When I was a child, my dad held chicken fights at our place. Sometimes a hundred or more people brought their best birds to do battle in the round plywood pits down in our woods. Cars and trucks with license plates from a half dozen states lined our long muddy drive. The smells of coffee and beer mingled in the damp morning air. Cigarette coarsened voices softly called out bets. The stern command of the referee to 'Pit 'em!' broke the fog muffled surrealism. Bright feathers and flashing steel spurs entangled with the thump and shuffle of feathers and wings. The men hollered out their encouragement and predictions, cursing and condemning and celebrating in turn. Blood scented steam rose from the damp panting birds, sharp and stimulating. During breaks, the handlers in the pits opened their mouths wide and laid them across the saddle feathers to breathe hot air on the bird. 'To make 'em mad,' Daddy said. Once, I saw a guy put his plug of chewing tobacco into the bird's vent. 'To make him mad,' I thought. Soon the sounds of mortal combat would slow, then stop. After that, only the rustle of money could be heard.

Friday, August 20, 2010

White trash memories; hard life lessons


An organized rooster fight can be stopped in one of three ways: one bird (the winner) kills the other outright, a referee can declare one bird the winner if he has so badly beaten his opponent that there is no real fight left (this keeps the action in the pits moving along), and an owner can forfeit a fight before his bird is killed so that he might save it to use as brood stock or even to fight it again later.

After the referee declares a fight, the losing bird is in bad shape, full of spur holes and bacteria, suffering from blood loss and trauma. As a joke, the bird owners that came to our place for the fights sometimes gave half-dead birds to me, an eight to eleven year old, knowing I would nurse them and care for then the best I could, until their inevitable death. It was a joke on my dad, but I never knew that until I was grown. One such bird, a big Dixie Blue Shuffler, was my favorite. I was ten years old.
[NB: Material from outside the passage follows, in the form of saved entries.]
lemma proj_lab_Lab:
  "proj1 (lab ` {1..}) \<subseteq> Lab1" "proj2 (lab ` {1..}) \<subseteq> Lab2" "proj3 (lab ` {1..}) \<subseteq> Lab3"
proof -
  have "lab1 i \<in> Lab1 \<and> lab2 i \<in> Lab2 \<and> lab3 i \<in> Lab3" if "1 \<le> i" for i
    by (rule index_cases[OF that]; hypsubst; simp add: lab_values Lab1_def Lab2_def Lab3_def)
  then show "proj1 (lab ` {1..}) \<subseteq> Lab1" "proj2 (lab ` {1..}) \<subseteq> Lab2" "proj3 (lab ` {1..}) \<subseteq> Lab3"
    unfolding proj_lab by auto
qed

locale construction =
  fixes X1 :: "'a set" and X2 :: "'b set" and X3 :: "'c set"
    and x1 y1 :: 'a and x2 y2 :: 'b and x3 z3 :: 'c
    and A B :: "nat \<Rightarrow> 'a" and C D :: "nat \<Rightarrow> 'b" and E :: "nat \<Rightarrow> 'c"
  assumes inX1: "x1 \<in> X1" "y1 \<in> X1" "A ` {1..} \<subseteq> X1" "B ` {1..} \<subseteq> X1"
    and inX2: "x2 \<in> X2" "y2 \<in> X2" "C ` {1..} \<subseteq> X2" "D ` {1..} \<subseteq> X2"
    and inX3: "x3 \<in> X3" "z3 \<in> X3" "E ` {1..} \<subseteq> X3"
    and dist1: "x1 \<noteq> y1" "x1 \<notin> A ` {1..}" "x1 \<notin> B ` {1..}" "y1 \<notin> A ` {1..}" "y1 \<notin> B ` {1..}"
      "inj_on A {1..}" "inj_on B {1..}" "A ` {1..} \<inter> B ` {1..} = {}"
    and dist2: "x2 \<noteq> y2" "x2 \<notin> C ` {1..}" "x2 \<notin> D ` {1..}" "y2 \<notin> C ` {1..}" "y2 \<notin> D ` {1..}"
      "inj_on C {1..}" "inj_on D {1..}" "C ` {1..} \<inter> D ` {1..} = {}"
    and dist3: "x3 \<noteq> z3" "x3 \<notin> E ` {1..}" "z3 \<notin> E ` {1..}" "inj_on E {1..}"
begin

definition V1 :: "label \<Rightarrow> 'a" where
  "V1 = (\<lambda>(t, n). if t = 0 then x1 else if t = 1 then y1 else if t = 2 then A n else B n)"
definition V2 :: "label \<Rightarrow> 'b" where
  "V2 = (\<lambda>(t, n). if t = 0 then x2 else if t = 2 then extC y2 C n else D n)"
definition V3 :: "label \<Rightarrow> 'c" where
  "V3 = (\<lambda>(t, n). if t = 0 then x3 else extE z3 E n)"

lemma V1_inj: "inj_on V1 Lab1"
  unfolding inj_on_def Lab1_def V1_def using dist1 by (auto simp: inj_on_eq_iff)

lemma V2_inj: "inj_on V2 Lab2"
proof -
  have "C n \<noteq> D m" "D m \<noteq> C n" if "1 \<le> n" "1 \<le> m" for n m using dist2(8) that by auto
  then show ?thesis
    unfolding inj_on_def Lab2_def V2_def extC_def using dist2
    by (auto simp: inj_on_eq_iff split: if_splits)
qed

lemma V3_inj: "inj_on V3 Lab3"
  unfolding inj_on_def Lab3_def V3_def extE_def using dist3 by (auto simp: inj_on_eq_iff)

lemma V_range: "V1 ` Lab1 \<subseteq> X1" "V2 ` Lab2 \<subseteq> X2" "V3 ` Lab3 \<subseteq> X3"
  unfolding Lab1_def Lab2_def Lab3_def V1_def V2_def V3_def extC_def extE_def
  using inX1 inX2 inX3 by (auto simp: image_subset_iff Suc_le_eq)

abbreviation V :: "label \<times> label \<times> label \<Rightarrow> 'a \<times> 'b \<times> 'c" where "V \<equiv> map3 V1 V2 V3"

lemma Tset_eq: "Tset x1 y1 x2 y2 x3 z3 A B C D E = V ` lab ` {1..}"
proof -
  have "aseq x1 y1 x2 y2 x3 z3 A B C D E i = V (lab i)" if "1 \<le> i" for i
    by (rule index_cases[OF that]; hypsubst;
        simp add: aseq_initial aseq_initial(1)[unfolded One_nat_def] aseq_block lab_values V1_def V2_def V3_def extC_def extE_def)
  then show ?thesis unfolding Tset_def image_image by (intro image_cong) auto
qed

lemma proj_lab_subset_Lab:
  assumes "S \<subseteq> lab ` {1..}"
  shows "proj1 S \<subseteq> Lab1" "proj2 S \<subseteq> Lab2" "proj3 S \<subseteq> Lab3"
proof -
  have "proj1 S \<subseteq> proj1 (lab ` {1..})" "proj2 S \<subseteq> proj2 (lab ` {1..})"
    "proj3 S \<subseteq> proj3 (lab ` {1..})"
    using assms unfolding proj1_def proj2_def proj3_def by auto
  then show "proj1 S \<subseteq> Lab1" "proj2 S \<subseteq> Lab2" "proj3 S \<subseteq> Lab3"
    using proj_lab_Lab by auto
qed

lemma V_inj_proj:
  assumes "S \<subseteq> lab ` {1..}"
  shows "inj_on V1 (proj1 S)" "inj_on V2 (proj2 S)" "inj_on V3 (proj3 S)"
proof -
  note sub = proj_lab_subset_Lab[OF assms]
  show "inj_on V1 (proj1 S)" using V1_inj sub(1) by (rule inj_on_subset)
  show "inj_on V2 (proj2 S)" using V2_inj sub(2) by (rule inj_on_subset)
  show "inj_on V3 (proj3 S)" using V3_inj sub(3) by (rule inj_on_subset)
qed

lemma T_sub: "V ` lab ` {1..} \<subseteq> X1 \<times> X2 \<times> X3"
proof (rule image_subsetI)
  fix l assume "l \<in> lab ` {1..}"
  then have "fst l \<in> Lab1" "fst (snd l) \<in> Lab2" "snd (snd l) \<in> Lab3"
    using proj_lab_Lab unfolding proj1_def proj2_def proj3_def by auto
  then show "V l \<in> X1 \<times> X2 \<times> X3"
    using V_range by (auto simp: map_prod_def split_beta)
qed

lemma T_good: "good X1 X2 X3 (V ` lab ` {1..})"
  using lab_good V_inj_proj[OF order_refl] T_sub by (rule good_map3)

lemma T_full: "full X1 X2 X3 (V ` lab ` {1..})"
  using T_good
proof (rule full_if_not_extendable)
  show "\<not> extendable (V ` lab ` {1..})"
    using lab_not_extendable extendable_map3_back by blast
qed

lemma T_finite_subsets_extendable:
  assumes F: "F \<subseteq> V ` lab ` {1..}" "finite F" "2 \<le> card F"
  shows "extendable F"
proof -
  obtain I where I: "I \<subseteq> {1..}" "finite I" "F = V ` lab ` I"
    using finite_subset_image[OF F(2,1)[unfolded image_image]] unfolding image_image by blast
  have "card F \<le> card I" unfolding I(3) image_image by (rule card_image_le[OF I(2)])
  then have "extendable (lab ` I)" using lab_finite_subsets_extendable I(1,2) F(3) by simp
  moreover have "lab ` I \<subseteq> lab ` {1..}" using I(1) by blast
  ultimately show ?thesis unfolding I(3) by (intro extendable_map3 V_inj_proj)
qed

lemma T_infinite: "infinite (V ` lab ` {1..})"
proof -
  have "inj_on V (lab ` {1..})" using V_inj_proj[OF order_refl] by (rule inj_on_map3)
  moreover have "infinite (lab ` {1..})"
    using lab_inj by (simp add: finite_image_iff infinite_Ici)
  ultimately show ?thesis by (simp add: finite_image_iff)
qed
lemma code_value_unique: "code_value W c y b \<alpha> \<Longrightarrow> code_value W c y b' \<alpha>' \<Longrightarrow> b = b'"
proof (induction arbitrary: b' \<alpha>' rule: code_value.induct)
  case (basic \<alpha> c y)
  from basic.prems show ?case
  proof cases
    case basic
    then show ?thesis by simp
  qed (use basic.hyps in simp_all)
next
  case (compl c y b \<beta> \<alpha>)
  from compl.prems show ?case
  proof cases
    case (compl b2 \<beta>2)
    then show ?thesis using compl.IH by simp
  qed (use compl.hyps a1_a2 in simp_all)
next
  case (union_True c i y \<beta> \<alpha>)
  from union_True.prems show ?case
  proof cases
    case union_False
    then obtain \<beta>2 where "code_value W (child i c) y False \<beta>2" by blast
    then show ?thesis using union_True.IH by blast
  qed (use union_True.hyps a1_a2 in simp_all)
next
  case (union_False c \<alpha> y)
  from union_False.prems show ?case
  proof cases
    case (union_True i \<beta>2)
    then show ?thesis using union_False.IH by blast
  qed (use union_False.hyps a1_a2 in simp_all)
qed

definition codes :: "'b rel \<Rightarrow> ('a \<Rightarrow> 'a) \<Rightarrow> ('a \<Rightarrow> 'a) set \<Rightarrow> bool" where
  "codes W c A \<longleftrightarrow> (\<forall>y. \<exists>\<alpha>. code_value W c y (y \<in> A) \<alpha>)"

definition diag :: "'b rel \<Rightarrow> ('a \<Rightarrow> 'a) set" where
  "diag W = {y. \<exists>\<alpha>. code_value W y y False \<alpha>}"

lemma diag_not_coded: "\<not> codes W c (diag W)"
proof
  assume "codes W c (diag W)"
  then obtain \<alpha> where \<alpha>: "code_value W c c (c \<in> diag W) \<alpha>"
    unfolding codes_def by blast
  show False
  proof (cases "c \<in> diag W")
    case True
    then obtain \<beta> where "code_value W c c False \<beta>" unfolding diag_def by blast
    with \<alpha> True show False using code_value_unique by fastforce
  next
    case False
    with \<alpha> have "code_value W c c False \<alpha>" by simp
    with False show False unfolding diag_def by blast
  qed
qed

section \<open>The diagonal set is \<open>(\<kappa>,\<kappa>\<^sup>+)\<close>-Borel\<close>

(* A function z stands for the code z \<circ> code_pos together with the point z \<circ> arg_pos; unlike
   the sets of points at which a fixed code evaluates, these sets are closed under the recursion
   of code_value (value_set_eq). *)
definition code_pos :: "'a \<Rightarrow> 'a" where
  "code_pos x = pair (a1, x)"

definition arg_pos :: "'a \<Rightarrow> 'a" where
  "arg_pos x = pair (a2, x)"

definition value_set :: "'b rel \<Rightarrow> 'b \<Rightarrow> bool \<Rightarrow> ('a \<Rightarrow> 'a) set" where
  "value_set W \<alpha> b = {z. code_value W (z \<circ> code_pos) (z \<circ> arg_pos) b \<alpha>}"

definition basic_set :: "('a \<Rightarrow> 'a) set" where
  "basic_set = {z. basic_holds (z \<circ> code_pos) (z \<circ> arg_pos)}"

definition shift_child :: "'a \<Rightarrow> 'a \<Rightarrow> 'a" where
  "shift_child i u = (if u \<in> range code_pos then code_pos (child_pos i (inv code_pos u)) else u)"

definition diag_pos :: "'a \<Rightarrow> 'a" where
  "diag_pos u = (if u \<in> range code_pos then inv code_pos u else inv arg_pos u)"

lemma inj_code_pos: "inj code_pos"
  by (rule injI) (simp add: code_pos_def)

lemma inj_arg_pos: "inj arg_pos"
  by (rule injI) (simp add: arg_pos_def)

lemma arg_pos_notin_range_code_pos: "arg_pos x \<notin> range code_pos"
  using a1_a2 by (auto simp: code_pos_def arg_pos_def)

lemma vimage_shift_child_value_set:
  "(\<lambda>z. z \<circ> shift_child i) -` value_set W \<alpha> b =
    {z. code_value W (child i (z \<circ> code_pos)) (z \<circ> arg_pos) b \<alpha>}"
proof -
  have "(z \<circ> shift_child i) \<circ> code_pos = child i (z \<circ> code_pos)"
    and "(z \<circ> shift_child i) \<circ> arg_pos = z \<circ> arg_pos" for z :: "'a \<Rightarrow> 'a"
    by (auto simp: shift_child_def child_def inv_f_f[OF inj_code_pos] arg_pos_notin_range_code_pos)
  then show ?thesis by (simp add: value_set_def)
qed

lemma vimage_diag_pos_value_set:
  "(\<lambda>z. z \<circ> diag_pos) -` value_set W \<alpha> b = {y. code_value W y y b \<alpha>}"
proof -
  have "(y \<circ> diag_pos) \<circ> code_pos = y" and "(y \<circ> diag_pos) \<circ> arg_pos = y" for y :: "'a \<Rightarrow> 'a"
    by (auto simp: diag_pos_def inv_f_f[OF inj_code_pos] inv_f_f[OF inj_arg_pos]
        arg_pos_notin_range_code_pos)
  then show ?thesis by (simp add: value_set_def)
qed

lemma basic_set_eq:
  "basic_set = (\<Inter>x. - {z. z (code_pos (child_pos a0 x)) = a1} \<union>
     (\<Union>k. {z. z (code_pos (child_pos a1 x)) = k} \<inter> {z. z (arg_pos x) = k}))"
  by (auto simp: basic_set_def basic_holds_def child_def)
(* Consider the algorithm described in the context, suppose it does not terminate finitely, and suppose there is $\sigma_{\min}>0$ with $\sigma_{\min}(J_k)\ge\sigma_{\min}$ for all $k\in\mathbb{N}$ (smallest singular value). If $J_k^Tc_k\ne0$, then $\|c_k+J_ks_k\|_2\le\rho_k\|c_k\|_2$, where $$\rho_k:=\sqrt{\max\big\{1-\kappa_v\alpha_k\sigma_{\min}^2,\ 1-\sigma_{\min}^2/\kappa_{\nabla c}^2\big\}}\in[0,1).$$
   Context: Problem: $\min_{x\in\mathbb{R}^n} f(x)+r(x)$ subject to $c(x)=0$, where $f:\mathbb{R}^n\to\mathbb{R}$ and $c:\mathbb{R}^n\to\mathbb{R}^m$ ($m\le n$) are continuously differentiable and $r:\mathbb{R}^n\to\mathbb{R}_{\ge 0}$ is convex. Write $g(x)=\nabla f(x)$, $J(x)=\nabla c(x)^T$, and $f_k=f(x_k)$, $g_k=g(x_k)$, $c_k=c(x_k)$, $J_k=J(x_k)$, $r_k=r(x_k)$. All norms are Euclidean (spectral norm for matrices). Merit function: $\Phi_\tau(x)=\tau(f(x)+r(x))+\|c(x)\|_2$. Algorithm: inputs $x_0$, $\alpha_0>0$, $\tau_{-1}>0$; constants $\kappa_v>0$, $\sigma_c,\epsilon_\tau,\xi,\eta\in(0,1)$, $\sigma_u\in(0,1/2]$, $\bar\sigma_u:=\sigma_u+\tfrac12$. For $k=0,1,\dots$: 1. If $J_k^Tc_k\ne0$, compute $v_k$ with $v_k\in\mathrm{Range}(J_k^T)$, $\|v_k\|_2\le\kappa_v\alpha_k\|J_k^Tc_k\|_2$, $\|c_k+J_kv_k\|_2\le\|c_k+J_kv_k^c\|_2$, where $v_k^c=-\beta_k^cJ_k^Tc_k$ with $\beta_k^c$ minimizing $\tfrac12\|c_k-\beta J_kJ_k^Tc_k\|_2^2$ over $0\le\beta\le\kappa_v\alpha_k$. Otherwise set $v_k=0$, and if $c_k\ne0$ terminate. 2. Let $u_k$ be the unique minimizer of $g_k^Tu+\tfrac1{2\alpha_k}\|u\|_2^2+r(x_k+v_k+u)$ subject to $J_ku=0$; set $s_k=v_k+u_k$. If $s_k=0$, terminate. 3. Let $D_k:=g_k^Ts_k+\bar\sigma_u\|s_k\|_2^2/\alpha_k+r(x_k+s_k)-r_k$; $\tau_{k,\mathrm{trial}}=\infty$ if $D_k\le0$, else $\tau_{k,\mathrm{trial}}=(1-\sigma_c)(\|c_k\|_2-\|c_k+J_kv_k\|_2)/D_k$. Set $\tau_k=\tau_{k-1}$ if $\tau_{k-1}\le\tau_{k,\mathrm{trial}}$, else $\tau_k=\min\{(1-\epsilon_\tau)\tau_{k-1},\tau_{k,\mathrm{trial}}\}$. 4. With $\Delta q_k(s,\tau):=-\tau(g_k^Ts+\tfrac1{2\alpha_k}\|s\|_2^2+r(x_k+s)-r_k)+\|c_k\|_2-\|c_k+J_ks\|_2$: if $\Phi_{\tau_k}(x_k+s_k)\le\Phi_{\tau_k}(x_k)-\eta\Delta q_k(s_k,\tau_k)$ set $x_{k+1}=x_k+s_k$, $\alpha_{k+1}=\alpha_k$; else $x_{k+1}=x_k$, $\alpha_{k+1}=\xi\alpha_k$. Standing assumption: there is an open convex set $\mathcal X$ containing all iterates $x_k$ and trial points $x_k+s_k$ such that $f$ is bounded below on $\mathcal X$, $\nabla f$ is bounded and Lipschitz continuous on $\mathcal X$, $c$ is bounded on $\mathcal X$, $\|J(x)\|_2\le\kappa_{\nabla c}$ for $x\in\mathcal X$ (constant $\kappa_{\nabla c}>0$) and $J$ is Lipschitz on $\mathcal X$, and all subgradients of $r$ at points of $\mathcal X$ are uniformly bounded in norm. *)

theory Defs
  imports "HOL-Analysis.Analysis"
begin

text \<open>Points live in real^'n, constraint values in real^'m; the Jacobian J x is an
 m x n matrix (type real^'n^'m).  Spectral norm of a matrix A is onorm (\<lambda>h. A *v h).\<close>

text \<open>Smallest singular value of a (wide, m \<le> n) matrix A: square root of the smallest
 eigenvalue of A A^T.\<close>
definition sigma_min_sv :: "real^'n^'m \<Rightarrow> real" where
  "sigma_min_sv A = sqrt (Inf {lam. \<exists>y. y \<noteq> 0 \<and> (A ** transpose A) *v y = lam *\<^sub>R y})"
Every hour, I fed Dixie milk-soaked bread, cornmeal mush and water. I put medicine in his water. I set his broken wing with masking tape. I sang to him and covered him at night. He was getting better, I was sure. But, my dad kept pestering me to trade Dixie for a sleek and sparkely blue-black three-spurred Sumatra stag.
Finally, I agreed to the deal, knowing that Daddy was so much better at caring for sick animals. I figured that 'that ol' bird' would be up and around in no time, under my daddy's care.

In the hot July sun, we met in the middle of the barnyard, the Sumatra's tail feathers glistening against Daddy's faded bib overalls. I handed off Dixie, dirty masking tape trailing like streamers. I took the firmer and lighter young bird, trying not to crush his long dark feathers.

Suddenly, Daddy grabbed Dixie's neck and flipped him over and down. My father's arm jerked up as the bird's body reached the end of the arc and I heard the dull crack of neck bones separating and sinew stretching. I felt like someone had planted a man-sized fist in my belly. I managed to cry out, "Daddy--you killed my bird!" Daddy leaned down and looked into my teary eyes and said, "No, Fuzzy, I killed my bird. He stopped bein' your bird when you traded him off..." He turned and walked out of the barnyard, tossing the carcass onto the burn pile as he passed.

Thursday, August 19, 2010

White Trash Memories

There were no light switches in our house. Light bulbs suspended from a wire coming through a hole in the ceiling. You had to screw in to turn them on, then unscrew to turn it off, but ya better lick your fingers first so you don't get burned.

Tuesday, August 17, 2010

Lullaby For My Children, Every Night For Twelve Years... Morningtown Ride


Train whistle blowing, makes a sleepy noise,
Underneath their blankets go all the girls and boys.

Heading from the station, out along the bay,
All bound for Morningtown, many miles away.

Mack is at the engine, Garrett rings the bell,
Emmy swings the lantern, to show that all is well.

Rocking, rolling, riding, out along the bay,
All bound for Morningtown, many miles away.

Maybe it is raining where our train will ride;
But all the little travellers are warm and snug inside.

Rocking, rolling, riding, out along the bay,
All bound for Morningtown, many miles away.

Somewhere there is sunshine, somewhere there is day,
Somewhere there is Morningtown, many miles away.




Thank you, Malvina, for the memories, the tradition, the little smiles and little squirms when each child heard their name sung in turn. Thank you for reassuring my babies that sleep was a gentle journey, not to be feared or fought.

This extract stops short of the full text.